• [Input data]
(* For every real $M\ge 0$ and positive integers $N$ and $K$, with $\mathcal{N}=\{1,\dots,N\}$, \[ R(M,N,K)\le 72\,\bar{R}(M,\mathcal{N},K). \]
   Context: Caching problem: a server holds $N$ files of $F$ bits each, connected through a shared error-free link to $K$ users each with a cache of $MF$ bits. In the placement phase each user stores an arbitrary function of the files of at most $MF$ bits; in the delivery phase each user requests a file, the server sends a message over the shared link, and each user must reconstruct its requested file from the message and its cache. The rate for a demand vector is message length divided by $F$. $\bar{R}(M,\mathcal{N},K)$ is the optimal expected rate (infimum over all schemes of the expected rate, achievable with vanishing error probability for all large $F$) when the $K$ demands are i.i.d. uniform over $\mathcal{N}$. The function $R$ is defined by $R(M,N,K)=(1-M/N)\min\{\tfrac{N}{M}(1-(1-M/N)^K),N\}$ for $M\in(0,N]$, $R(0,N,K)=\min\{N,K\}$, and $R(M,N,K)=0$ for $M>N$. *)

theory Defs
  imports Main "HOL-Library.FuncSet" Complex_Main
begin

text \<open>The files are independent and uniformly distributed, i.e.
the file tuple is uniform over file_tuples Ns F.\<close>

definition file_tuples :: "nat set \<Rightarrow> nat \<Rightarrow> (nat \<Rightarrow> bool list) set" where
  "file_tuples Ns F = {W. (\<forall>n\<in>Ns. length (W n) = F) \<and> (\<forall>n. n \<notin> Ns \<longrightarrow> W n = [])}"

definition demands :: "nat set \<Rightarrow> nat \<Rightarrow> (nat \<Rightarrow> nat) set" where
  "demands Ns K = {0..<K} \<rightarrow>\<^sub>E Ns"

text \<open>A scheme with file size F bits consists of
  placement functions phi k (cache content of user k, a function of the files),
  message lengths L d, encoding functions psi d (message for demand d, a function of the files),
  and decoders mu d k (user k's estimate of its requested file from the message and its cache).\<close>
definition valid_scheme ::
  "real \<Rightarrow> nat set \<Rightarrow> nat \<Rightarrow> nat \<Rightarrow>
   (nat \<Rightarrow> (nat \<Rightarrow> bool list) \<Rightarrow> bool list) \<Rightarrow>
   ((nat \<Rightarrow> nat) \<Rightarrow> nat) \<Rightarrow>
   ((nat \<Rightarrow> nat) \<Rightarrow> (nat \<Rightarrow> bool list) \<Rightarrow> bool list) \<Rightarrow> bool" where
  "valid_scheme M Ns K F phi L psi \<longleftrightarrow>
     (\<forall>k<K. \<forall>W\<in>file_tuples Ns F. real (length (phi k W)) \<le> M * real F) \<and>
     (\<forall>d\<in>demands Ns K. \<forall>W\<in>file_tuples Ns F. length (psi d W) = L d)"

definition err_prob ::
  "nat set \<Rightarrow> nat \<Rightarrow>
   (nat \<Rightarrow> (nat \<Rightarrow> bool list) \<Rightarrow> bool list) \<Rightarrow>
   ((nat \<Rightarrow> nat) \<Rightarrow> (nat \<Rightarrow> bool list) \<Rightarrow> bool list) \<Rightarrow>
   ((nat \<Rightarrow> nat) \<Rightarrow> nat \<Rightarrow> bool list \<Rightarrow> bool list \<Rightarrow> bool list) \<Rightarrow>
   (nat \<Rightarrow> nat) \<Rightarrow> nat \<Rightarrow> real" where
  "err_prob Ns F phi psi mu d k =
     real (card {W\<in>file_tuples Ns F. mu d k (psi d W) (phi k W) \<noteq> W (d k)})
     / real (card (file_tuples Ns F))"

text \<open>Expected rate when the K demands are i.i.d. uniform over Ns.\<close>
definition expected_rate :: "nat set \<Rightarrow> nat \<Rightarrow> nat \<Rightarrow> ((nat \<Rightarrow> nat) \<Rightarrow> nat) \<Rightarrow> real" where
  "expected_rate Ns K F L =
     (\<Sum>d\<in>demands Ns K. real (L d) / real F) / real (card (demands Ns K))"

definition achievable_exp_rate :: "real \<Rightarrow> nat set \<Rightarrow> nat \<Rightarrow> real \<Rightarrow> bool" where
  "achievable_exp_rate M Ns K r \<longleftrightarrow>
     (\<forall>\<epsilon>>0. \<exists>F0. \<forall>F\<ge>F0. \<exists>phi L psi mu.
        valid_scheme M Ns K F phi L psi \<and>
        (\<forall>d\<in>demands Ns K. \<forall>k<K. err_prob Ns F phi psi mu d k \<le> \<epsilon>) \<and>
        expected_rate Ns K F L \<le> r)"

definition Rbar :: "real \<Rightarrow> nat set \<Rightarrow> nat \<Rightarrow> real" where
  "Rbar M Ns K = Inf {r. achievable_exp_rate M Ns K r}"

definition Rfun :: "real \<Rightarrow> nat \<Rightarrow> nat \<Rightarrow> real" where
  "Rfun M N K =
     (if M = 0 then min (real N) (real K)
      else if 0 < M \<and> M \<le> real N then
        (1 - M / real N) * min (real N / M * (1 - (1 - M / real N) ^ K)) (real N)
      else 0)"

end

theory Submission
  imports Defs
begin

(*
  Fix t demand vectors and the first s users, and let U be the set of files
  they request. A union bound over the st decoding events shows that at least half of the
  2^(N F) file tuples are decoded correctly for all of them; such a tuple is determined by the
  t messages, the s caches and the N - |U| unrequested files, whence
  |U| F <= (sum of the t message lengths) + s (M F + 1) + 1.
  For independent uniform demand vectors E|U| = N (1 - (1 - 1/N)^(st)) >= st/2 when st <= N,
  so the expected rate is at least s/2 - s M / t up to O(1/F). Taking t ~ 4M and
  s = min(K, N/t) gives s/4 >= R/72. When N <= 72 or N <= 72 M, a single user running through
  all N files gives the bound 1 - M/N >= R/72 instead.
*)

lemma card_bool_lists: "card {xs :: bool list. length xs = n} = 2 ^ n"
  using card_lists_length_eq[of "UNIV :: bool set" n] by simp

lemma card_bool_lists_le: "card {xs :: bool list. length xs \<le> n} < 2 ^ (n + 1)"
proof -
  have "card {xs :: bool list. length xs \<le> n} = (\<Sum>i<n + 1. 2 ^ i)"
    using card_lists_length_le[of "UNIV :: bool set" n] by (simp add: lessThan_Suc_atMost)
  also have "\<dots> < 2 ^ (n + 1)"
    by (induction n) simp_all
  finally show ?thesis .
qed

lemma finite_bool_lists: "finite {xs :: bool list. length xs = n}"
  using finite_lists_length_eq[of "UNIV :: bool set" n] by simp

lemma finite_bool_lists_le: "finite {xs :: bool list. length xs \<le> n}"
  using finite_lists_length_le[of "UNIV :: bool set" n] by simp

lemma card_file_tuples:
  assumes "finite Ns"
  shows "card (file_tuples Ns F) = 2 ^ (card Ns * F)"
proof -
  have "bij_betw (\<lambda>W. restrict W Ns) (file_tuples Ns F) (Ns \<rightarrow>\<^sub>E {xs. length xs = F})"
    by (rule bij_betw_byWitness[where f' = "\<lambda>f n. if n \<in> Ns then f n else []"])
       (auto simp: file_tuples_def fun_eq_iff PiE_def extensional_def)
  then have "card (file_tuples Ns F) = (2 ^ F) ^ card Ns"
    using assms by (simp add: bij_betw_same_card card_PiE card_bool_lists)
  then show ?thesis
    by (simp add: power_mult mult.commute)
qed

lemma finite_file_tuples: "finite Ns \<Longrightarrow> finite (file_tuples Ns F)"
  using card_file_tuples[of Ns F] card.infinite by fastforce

==

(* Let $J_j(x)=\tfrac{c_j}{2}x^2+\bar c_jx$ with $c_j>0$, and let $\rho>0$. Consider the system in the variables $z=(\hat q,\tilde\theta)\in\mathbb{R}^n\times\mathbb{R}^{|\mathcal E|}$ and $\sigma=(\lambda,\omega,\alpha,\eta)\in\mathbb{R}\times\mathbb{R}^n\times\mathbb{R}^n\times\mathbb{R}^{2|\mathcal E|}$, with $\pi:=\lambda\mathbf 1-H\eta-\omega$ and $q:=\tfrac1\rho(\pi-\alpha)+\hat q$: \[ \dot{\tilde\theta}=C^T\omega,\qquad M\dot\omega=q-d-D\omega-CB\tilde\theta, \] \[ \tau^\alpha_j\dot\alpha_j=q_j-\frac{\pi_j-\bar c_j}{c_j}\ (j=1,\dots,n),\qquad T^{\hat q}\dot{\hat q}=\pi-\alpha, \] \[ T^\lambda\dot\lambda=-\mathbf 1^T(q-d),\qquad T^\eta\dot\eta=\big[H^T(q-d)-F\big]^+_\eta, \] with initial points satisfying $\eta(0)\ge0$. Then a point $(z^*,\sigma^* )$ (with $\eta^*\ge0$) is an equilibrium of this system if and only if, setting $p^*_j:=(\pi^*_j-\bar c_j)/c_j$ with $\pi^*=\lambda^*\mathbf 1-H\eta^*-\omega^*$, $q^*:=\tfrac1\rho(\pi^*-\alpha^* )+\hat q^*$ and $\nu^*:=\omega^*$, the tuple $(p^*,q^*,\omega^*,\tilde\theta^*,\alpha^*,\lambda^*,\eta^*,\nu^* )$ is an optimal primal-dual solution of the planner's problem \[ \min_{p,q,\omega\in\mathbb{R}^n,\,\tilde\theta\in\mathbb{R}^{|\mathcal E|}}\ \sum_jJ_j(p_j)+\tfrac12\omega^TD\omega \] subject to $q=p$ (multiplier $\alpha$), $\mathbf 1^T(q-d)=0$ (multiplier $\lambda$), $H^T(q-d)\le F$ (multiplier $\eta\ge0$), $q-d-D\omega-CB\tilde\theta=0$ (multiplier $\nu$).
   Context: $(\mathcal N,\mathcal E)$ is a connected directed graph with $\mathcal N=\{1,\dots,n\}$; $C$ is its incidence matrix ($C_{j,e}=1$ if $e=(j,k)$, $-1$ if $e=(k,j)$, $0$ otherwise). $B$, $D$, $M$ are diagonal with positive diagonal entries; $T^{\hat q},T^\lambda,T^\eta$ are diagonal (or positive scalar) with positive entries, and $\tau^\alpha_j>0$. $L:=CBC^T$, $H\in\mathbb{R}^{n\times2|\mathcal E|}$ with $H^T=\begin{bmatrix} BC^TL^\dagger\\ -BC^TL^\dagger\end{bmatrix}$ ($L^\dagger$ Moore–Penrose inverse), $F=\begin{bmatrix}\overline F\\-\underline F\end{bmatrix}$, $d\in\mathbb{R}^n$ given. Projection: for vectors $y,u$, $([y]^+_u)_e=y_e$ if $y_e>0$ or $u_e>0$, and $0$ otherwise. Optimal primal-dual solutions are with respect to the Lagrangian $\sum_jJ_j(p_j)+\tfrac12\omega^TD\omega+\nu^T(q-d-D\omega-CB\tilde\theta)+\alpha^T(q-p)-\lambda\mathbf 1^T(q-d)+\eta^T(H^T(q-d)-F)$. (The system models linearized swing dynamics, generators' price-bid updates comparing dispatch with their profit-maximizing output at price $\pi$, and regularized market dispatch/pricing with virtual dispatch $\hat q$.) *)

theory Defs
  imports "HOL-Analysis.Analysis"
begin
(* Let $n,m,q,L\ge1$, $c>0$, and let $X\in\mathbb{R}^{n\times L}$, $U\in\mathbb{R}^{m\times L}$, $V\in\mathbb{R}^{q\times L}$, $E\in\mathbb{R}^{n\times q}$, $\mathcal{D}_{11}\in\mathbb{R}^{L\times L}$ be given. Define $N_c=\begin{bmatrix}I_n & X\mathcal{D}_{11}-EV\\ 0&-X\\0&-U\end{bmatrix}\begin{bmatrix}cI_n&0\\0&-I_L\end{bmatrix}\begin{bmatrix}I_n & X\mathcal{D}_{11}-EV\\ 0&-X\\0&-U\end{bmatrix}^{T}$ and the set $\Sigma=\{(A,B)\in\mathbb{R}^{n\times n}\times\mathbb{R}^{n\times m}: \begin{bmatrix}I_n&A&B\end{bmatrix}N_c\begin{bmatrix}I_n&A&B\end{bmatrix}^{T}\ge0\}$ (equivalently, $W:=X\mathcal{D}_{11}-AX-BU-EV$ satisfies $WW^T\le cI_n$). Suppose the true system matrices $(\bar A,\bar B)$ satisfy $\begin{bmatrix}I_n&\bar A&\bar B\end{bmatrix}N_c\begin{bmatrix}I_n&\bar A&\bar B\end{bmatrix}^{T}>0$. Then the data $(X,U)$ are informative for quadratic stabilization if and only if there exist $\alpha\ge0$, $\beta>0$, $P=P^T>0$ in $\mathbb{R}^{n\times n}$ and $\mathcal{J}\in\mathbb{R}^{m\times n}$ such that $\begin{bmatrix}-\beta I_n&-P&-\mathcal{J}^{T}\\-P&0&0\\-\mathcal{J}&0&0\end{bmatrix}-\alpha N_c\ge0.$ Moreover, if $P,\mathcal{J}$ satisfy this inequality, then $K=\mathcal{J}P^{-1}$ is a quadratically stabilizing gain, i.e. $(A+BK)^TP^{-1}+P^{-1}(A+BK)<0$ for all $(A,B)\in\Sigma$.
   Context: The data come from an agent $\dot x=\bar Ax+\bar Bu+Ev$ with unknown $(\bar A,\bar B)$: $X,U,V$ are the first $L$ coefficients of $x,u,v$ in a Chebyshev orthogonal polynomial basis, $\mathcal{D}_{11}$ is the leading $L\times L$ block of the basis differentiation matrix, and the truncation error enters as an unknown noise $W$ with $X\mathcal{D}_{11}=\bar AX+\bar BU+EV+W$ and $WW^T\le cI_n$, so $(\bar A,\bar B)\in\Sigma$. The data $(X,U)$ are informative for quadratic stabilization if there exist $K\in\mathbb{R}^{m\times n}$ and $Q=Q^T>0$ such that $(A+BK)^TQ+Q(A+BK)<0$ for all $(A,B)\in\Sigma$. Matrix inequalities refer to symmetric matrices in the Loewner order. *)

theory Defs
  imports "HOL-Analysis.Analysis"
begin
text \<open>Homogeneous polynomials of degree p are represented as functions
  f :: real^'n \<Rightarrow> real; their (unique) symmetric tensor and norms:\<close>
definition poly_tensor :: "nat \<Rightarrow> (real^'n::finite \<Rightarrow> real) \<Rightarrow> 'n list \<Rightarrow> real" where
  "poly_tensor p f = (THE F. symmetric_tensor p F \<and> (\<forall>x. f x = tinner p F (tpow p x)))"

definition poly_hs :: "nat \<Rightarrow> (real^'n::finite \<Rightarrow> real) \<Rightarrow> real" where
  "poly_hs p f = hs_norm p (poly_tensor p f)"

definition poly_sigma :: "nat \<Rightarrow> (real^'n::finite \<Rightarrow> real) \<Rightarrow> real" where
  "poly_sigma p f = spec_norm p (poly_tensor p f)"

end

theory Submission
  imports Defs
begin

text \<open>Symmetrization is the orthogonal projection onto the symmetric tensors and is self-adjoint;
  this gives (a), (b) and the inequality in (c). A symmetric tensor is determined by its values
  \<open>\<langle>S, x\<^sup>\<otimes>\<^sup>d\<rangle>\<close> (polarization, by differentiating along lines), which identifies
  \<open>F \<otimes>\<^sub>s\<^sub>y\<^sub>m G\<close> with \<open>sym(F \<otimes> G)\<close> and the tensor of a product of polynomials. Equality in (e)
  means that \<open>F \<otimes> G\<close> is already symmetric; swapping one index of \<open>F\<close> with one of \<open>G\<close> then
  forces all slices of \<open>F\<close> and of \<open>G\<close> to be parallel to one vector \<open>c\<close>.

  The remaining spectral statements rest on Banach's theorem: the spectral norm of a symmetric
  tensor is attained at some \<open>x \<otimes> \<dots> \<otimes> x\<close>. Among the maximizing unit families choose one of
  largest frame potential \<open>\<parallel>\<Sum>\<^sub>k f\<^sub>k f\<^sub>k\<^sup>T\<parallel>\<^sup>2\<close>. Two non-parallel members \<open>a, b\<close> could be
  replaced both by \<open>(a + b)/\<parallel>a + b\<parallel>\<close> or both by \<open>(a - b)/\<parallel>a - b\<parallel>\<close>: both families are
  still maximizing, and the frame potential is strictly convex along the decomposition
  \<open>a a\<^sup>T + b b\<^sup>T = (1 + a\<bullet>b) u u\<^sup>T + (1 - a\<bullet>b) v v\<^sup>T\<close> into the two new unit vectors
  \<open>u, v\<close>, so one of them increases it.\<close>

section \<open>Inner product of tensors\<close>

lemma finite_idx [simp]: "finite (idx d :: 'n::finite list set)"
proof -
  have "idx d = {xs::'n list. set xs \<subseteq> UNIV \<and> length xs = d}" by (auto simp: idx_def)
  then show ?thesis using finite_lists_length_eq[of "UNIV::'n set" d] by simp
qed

• [Task prompt] From the entries, copy every line in which the word "else" occurs.

• [Answer to the problem]
      else if 0 < M \<and> M \<le> real N then
      else 0)"
    by (rule bij_betw_byWitness[where f' = "\<lambda>f n. if n \<in> Ns then f n else []"])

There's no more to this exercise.